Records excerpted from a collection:
***
lemma mat2_eq_iff [simp]:
  "mat2 a b c d = mat2 a' b' c' d' \<longleftrightarrow> a = a' \<and> b = b' \<and> c = c' \<and> d = d'"
proof
  assume "mat2 a b c d = mat2 a' b' c' d'"
  then have "mat2 a b c d $$ (i, j) = mat2 a' b' c' d' $$ (i, j)" for i j
    by simp
  from this[of 0 0] this[of 0 1] this[of 1 0] this[of 1 1]
  show "a = a' \<and> b = b' \<and> c = c' \<and> d = d'"
    by simp
qed simp

lemma times_mat2 [simp]:
  "mat2 a b c d * mat2 a' b' c' d' = mat2 (a*a' + b*c') (a*b' + b*d') (c*a' + d*c') (c*b' + d*d')"
  by (rule mat2_eqI) (auto simp: scalar_prod_def sum_2)

lemma plus_mat2 [simp]: "mat2 a b c d + mat2 a' b' c' d' = mat2 (a + a') (b + b') (c + c') (d + d')"
  by (rule mat2_eqI) auto

lemma minus_mat2 [simp]: "mat2 a b c d - mat2 a' b' c' d' = mat2 (a - a') (b - b') (c - c') (d - d')"
  by (rule mat2_eqI) auto

lemma smult_mat2 [simp]: "r \<cdot>\<^sub>m mat2 a b c d = mat2 (r * a) (r * b) (r * c) (r * d)"
  by (rule mat2_eqI) auto

lemma transpose_mat2 [simp]: "transpose_mat (mat2 a b c d) = mat2 a c b d"
  by (rule mat2_eqI) auto

lemma one_mat2: "1\<^sub>m 2 = mat2 1 0 0 1"
  by (rule mat2_eqI) auto

lemma mat_diag2: "mat_diag 2 g = mat2 (g 0) 0 0 (g 1)"
  by (rule mat2_eqI) (auto simp: mat_diag_def)

lemma mult_mat_vec2 [simp]: "mat2 a b c d *\<^sub>v vec2 x y = vec2 (a * x + b * y) (c * x + d * y)"
  by (intro vec2_eqI carrier_vecI) (auto simp: scalar_prod_def sum_2)

lemma scalar_prod_vec2 [simp]: "vec2 a b \<bullet> vec2 x y = a * x + b * y"
  by (simp add: scalar_prod_def sum_2)

lemma ones_vec2: "ones_vec 2 = vec2 1 1"
  by (rule vec2_eqI) (auto simp: ones_vec_def)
***
> _Try it_
After reading through the records, retype all of them exactly.

> _Result_
lemma mat2_eq_iff [simp]:
  "mat2 a b c d = mat2 a' b' c' d' \<longleftrightarrow> a = a' \<and> b = b' \<and> c = c' \<and> d = d'"
proof
  assume "mat2 a b c d = mat2 a' b' c' d'"
  then have "mat2 a b c d $$ (i, j) = mat2 a' b' c' d' $$ (i, j)" for i j
    by simp
  from this[of 0 0] this[of 0 1] this[of 1 0] this[of 1 1]
  show "a = a' \<and> b = b' \<and> c = c' \<and> d = d'"
    by simp
qed simp

lemma times_mat2 [simp]:
  "mat2 a b c d * mat2 a' b' c' d' = mat2 (a*a' + b*c') (a*b' + b*d') (c*a' + d*c') (c*b' + d*d')"
  by (rule mat2_eqI) (auto simp: scalar_prod_def sum_2)

lemma plus_mat2 [simp]: "mat2 a b c d + mat2 a' b' c' d' = mat2 (a + a') (b + b') (c + c') (d + d')"
  by (rule mat2_eqI) auto

lemma minus_mat2 [simp]: "mat2 a b c d - mat2 a' b' c' d' = mat2 (a - a') (b - b') (c - c') (d - d')"
  by (rule mat2_eqI) auto

lemma smult_mat2 [simp]: "r \<cdot>\<^sub>m mat2 a b c d = mat2 (r * a) (r * b) (r * c) (r * d)"
  by (rule mat2_eqI) auto

lemma transpose_mat2 [simp]: "transpose_mat (mat2 a b c d) = mat2 a c b d"
  by (rule mat2_eqI) auto

lemma one_mat2: "1\<^sub>m 2 = mat2 1 0 0 1"
  by (rule mat2_eqI) auto

lemma mat_diag2: "mat_diag 2 g = mat2 (g 0) 0 0 (g 1)"
  by (rule mat2_eqI) (auto simp: mat_diag_def)

lemma mult_mat_vec2 [simp]: "mat2 a b c d *\<^sub>v vec2 x y = vec2 (a * x + b * y) (c * x + d * y)"
  by (intro vec2_eqI carrier_vecI) (auto simp: scalar_prod_def sum_2)

lemma scalar_prod_vec2 [simp]: "vec2 a b \<bullet> vec2 x y = a * x + b * y"
  by (simp add: scalar_prod_def sum_2)

lemma ones_vec2: "ones_vec 2 = vec2 1 1"
  by (rule vec2_eqI) (auto simp: ones_vec_def)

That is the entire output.